La respuesta en fase lítica "puede sugerir una mayor memoria inmunológica contra el virus Epstein-Barr en las personas que después desarrollaron esclerosis múltiple. Además, los fármacos actuales frente a la esclerosis múltiple disminuyen esta respuesta, sugiriendo que este podría ser un mecanismo que media su eficacia".

Kjetil Bjornevik, que ha liderado este trabajo, también fue el primer autor del estudio que ha cambiado la forma de ver el origen de la esclerosis múltiple.

Virus y enfermedades degenerativas

A principios de 2022, él y su equipo publicaban en Science la conclusión de un seguimiento a lo largo de más de dos décadas de 10 millones de veteranos del ejército de Estados Unidos.

De los 995 casos de esclerosis múltiple detectados, 800 habían estado en contacto con el virus del Epstein-Barr.
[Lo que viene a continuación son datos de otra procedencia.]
(* Let $G=(V,E)$ be a connected almost bipartite permutation graph that contains a hole, let $C$ be a shortest hole, $m=|C|$, $c_0,\dots,c_{m-1}$ its vertices in cyclic order (indices modulo $m$), and for each $i$ let $A_i=\{v\in V: N(v)\cap C=\{c_{i-1},c_{i+1}\}\}$ and $B_i=\{v\in V: N(v)\cap C=\{c_i\}\}$ (indices modulo $m$). For $i\in\{0,\dots,m-1\}$ define the relation $<_{A_i}$ on $A_i$ by: $u<_{A_i}u'$ iff there is $w\in B_{i-2}\cup A_{i-1}$ with $u\in N(w)$ and $u'\notin N(w)$, or there is $w\in A_{i+1}\cup B_{i+2}$ with $u'\in N(w)$ and $u\notin N(w)$. Define $<_{B_i}$ on $B_i$ by: $w<_{B_i}w'$ iff there is $u\in A_{i-2}\cup B_{i-1}$ with $w\in N(u)$ and $w'\notin N(u)$, or there is $u\in B_{i+1}\cup A_{i+2}$ with $w'\in N(u)$ and $w\notin N(u)$. Then for every $i\in\{0,\dots,m-1\}$: (1) $(A_i,<_{A_i})$ is a strict partial order, and $u,u'\in A_i$ are incomparable in it if and only if $N(u)=N(u')$; (2) $(B_i,<_{B_i})$ is a strict partial order, and $w,w'\in B_i$ are incomparable in it if and only if $N(w)=N(w')$.
   Context: All graphs are finite, simple, undirected; $N(v)$ is the open neighborhood of $v$. A hole is an induced cycle on at least five vertices. $K_3$ is the triangle, $C_k$ the cycle on $k$ vertices. $T_2$ is the tree on 7 vertices obtained from the claw $K_{1,3}$ by subdividing each edge once. $X_2$ is the 7-vertex graph obtained from a 4-cycle by attaching one new pendant vertex to each of three of its four vertices. $X_3$ is the 7-vertex graph obtained from the domino (two 4-cycles sharing exactly one edge) by attaching one new pendant vertex to one endpoint of the shared edge. A graph is an almost bipartite permutation graph if it contains none of $T_2, X_2, X_3, K_3, C_5,\dots,C_9$ as an induced subgraph. A strict partial order is an irreflexive transitive relation. *)

theory Defs
  imports Main
begin

definition simple_graph :: "'a set \<Rightarrow> ('a \<Rightarrow> 'a \<Rightarrow> bool) \<Rightarrow> bool" where
  "simple_graph V E \<longleftrightarrow> finite V \<and> (\<forall>x y. E x y \<longrightarrow> x \<in> V \<and> y \<in> V)
     \<and> (\<forall>x y. E x y \<longrightarrow> E y x) \<and> (\<forall>x. \<not> E x x)"

definition connected_graph :: "'a set \<Rightarrow> ('a \<Rightarrow> 'a \<Rightarrow> bool) \<Rightarrow> bool" where
  "connected_graph V E \<longleftrightarrow> V \<noteq> {} \<and> (\<forall>x\<in>V. \<forall>y\<in>V. E\<^sup>*\<^sup>* x y)"

definition nbhd :: "('a \<Rightarrow> 'a \<Rightarrow> bool) \<Rightarrow> 'a \<Rightarrow> 'a set" where
  "nbhd E v = {u. E v u}"

definition has_induced :: "'a set \<Rightarrow> ('a \<Rightarrow> 'a \<Rightarrow> bool) \<Rightarrow> nat \<Rightarrow> (nat \<Rightarrow> nat \<Rightarrow> bool) \<Rightarrow> bool" where
  "has_induced V E n H \<longleftrightarrow> (\<exists>f. inj_on f {0..<n} \<and> f ` {0..<n} \<subseteq> V \<and>
      (\<forall>i<n. \<forall>j<n. E (f i) (f j) \<longleftrightarrow> H i j))"

definition edges_of :: "(nat \<times> nat) list \<Rightarrow> nat \<Rightarrow> nat \<Rightarrow> bool" where
  "edges_of es i j \<longleftrightarrow> (i, j) \<in> set es \<or> (j, i) \<in> set es"

definition cycle_graph :: "nat \<Rightarrow> nat \<Rightarrow> nat \<Rightarrow> bool" where
  "cycle_graph k i j \<longleftrightarrow> i < k \<and> j < k \<and> (j = Suc i mod k \<or> i = Suc j mod k)"

(* T_2: claw with each edge subdivided; centre 0 *)
definition T2 :: "nat \<Rightarrow> nat \<Rightarrow> bool" where
  "T2 = edges_of [(0,1),(1,2),(0,3),(3,4),(0,5),(5,6)]"

(* X_2: 4-cycle 0-1-2-3-0 with pendants 4,5,6 at 0,1,2 *)
definition X2 :: "nat \<Rightarrow> nat \<Rightarrow> bool" where
  "X2 = edges_of [(0,1),(1,2),(2,3),(3,0),(0,4),(1,5),(2,6)]"

(* X_3: domino (2x3 grid, top row 0,1,2, bottom row 3,4,5, shared edge 1-4)
   with pendant 6 attached to 1 *)
definition X3 :: "nat \<Rightarrow> nat \<Rightarrow> bool" where
  "X3 = edges_of [(0,1),(1,2),(3,4),(4,5),(0,3),(1,4),(2,5),(1,6)]"

definition almost_bip_perm :: "'a set \<Rightarrow> ('a \<Rightarrow> 'a \<Rightarrow> bool) \<Rightarrow> bool" where
  "almost_bip_perm V E \<longleftrightarrow>
     \<not> has_induced V E 7 T2 \<and> \<not> has_induced V E 7 X2 \<and> \<not> has_induced V E 7 X3 \<and>
     \<not> has_induced V E 3 (cycle_graph 3) \<and>
     (\<forall>k. 5 \<le> k \<and> k \<le> 9 \<longrightarrow> \<not> has_induced V E k (cycle_graph k))"

definition is_hole :: "'a set \<Rightarrow> ('a \<Rightarrow> 'a \<Rightarrow> bool) \<Rightarrow> (nat \<Rightarrow> 'a) \<Rightarrow> nat \<Rightarrow> bool" where
  "is_hole V E c m \<longleftrightarrow> 5 \<le> m \<and> inj_on c {0..<m} \<and> c ` {0..<m} \<subseteq> V \<and>
     (\<forall>i<m. \<forall>j<m. E (c i) (c j) \<longleftrightarrow> cycle_graph m i j)"
(* Let $k$ be an algebraically closed field of arbitrary characteristic. Fix integers $d_2\ge d_1>0$, a smooth quadric $Q\subset\mathbb{P}^3$, lines $L\in|\mathcal{O}_Q(1,0)|$ and $L'\in|\mathcal{O}_Q(0,1)|$, and let $\{q\}=L\cap L'$. Fix $o\in L\setminus\{q\}$ and $o'\in L'\setminus\{q\}$. Let $Z\subset L$ be the effective divisor $d_2\cdot o$ of $L$ and $Z'\subset L'$ the effective divisor $d_1\cdot o'$ of $L'$, regarded as zero-dimensional subschemes of $Q$ of degrees $d_2$ and $d_1$ respectively. Then there is a smooth divisor $Y\in|\mathcal{O}_Q(d_1,d_2)|$ such that $Y\cap L=Z$ and $Y\cap L'=Z'$ (in particular, set-theoretically $Y$ meets $L$ only at $o$ and $L'$ only at $o'$).
   Context: $\mathcal{O}_Q(a,b)$ denotes the line bundle of bidegree $(a,b)$ on $Q\cong\mathbb{P}^1\times\mathbb{P}^1$; a curve in $|\mathcal{O}_Q(d_1,d_2)|$ meets a line of $|\mathcal{O}_Q(1,0)|$ in degree $d_2$ and a line of $|\mathcal{O}_Q(0,1)|$ in degree $d_1$. *)

theory Defs
  imports "HOL-Computational_Algebra.Polynomial"
begin

text \<open>Q = P^1 x P^1 with bihomogeneous coordinates ((x0,x1),(y0,y1)).
A divisor of bidegree (d1,d2) is the zero scheme of a nonzero form
F = sum_{i<=d1, j<=d2} c i j * x0^i x1^(d1-i) y0^j y1^(d2-j).\<close>

definition alg_closed_field :: "'a::field itself \<Rightarrow> bool" where
  "alg_closed_field _ \<longleftrightarrow> (\<forall>p::'a poly. degree p > 0 \<longrightarrow> (\<exists>x. poly p x = 0))"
El riesgo de presentar esclerosis múltiple era 32 veces mayor en los que contrajeron la enfermedad del beso.

Además, observaron que solo tras la infección con este virus se observaba un incremento en las cadenas ligeras de filamentos, un biomarcador de la degeneración de la mielina típica de esta enfermedad.

El hallazgo causó un revuelo y revivió la teoría del origen vírico de las enfermedades degenerativas, como el párkinson, el alzhéimer o la esclerosis lateral amiotrófica.

Esta teoría señala cómo una infección y la presencia del virus en reservorios del cuerpo (lugares donde se mantiene 'dormido' e indetectable) puede generar una inflamación crónica de baja intensidad que va dañando el sistema nervioso.

Con todo, los virus solo jugarían un papel en el desarrollo de la enfermedad. La gran mayoría de personas que han contraído estos patógenos no las desarrollarán, por lo que hacen falta conocer otros factores y los mecanismos a través de los cuales se puede generar esta inflamación crónica dañina.

No obstante, hallazgos de este tipo permiten avanzar en nuevas formas de prevenir y combatir la enfermedad, desde vacunas que la eviten hasta tratamientos que la frenen.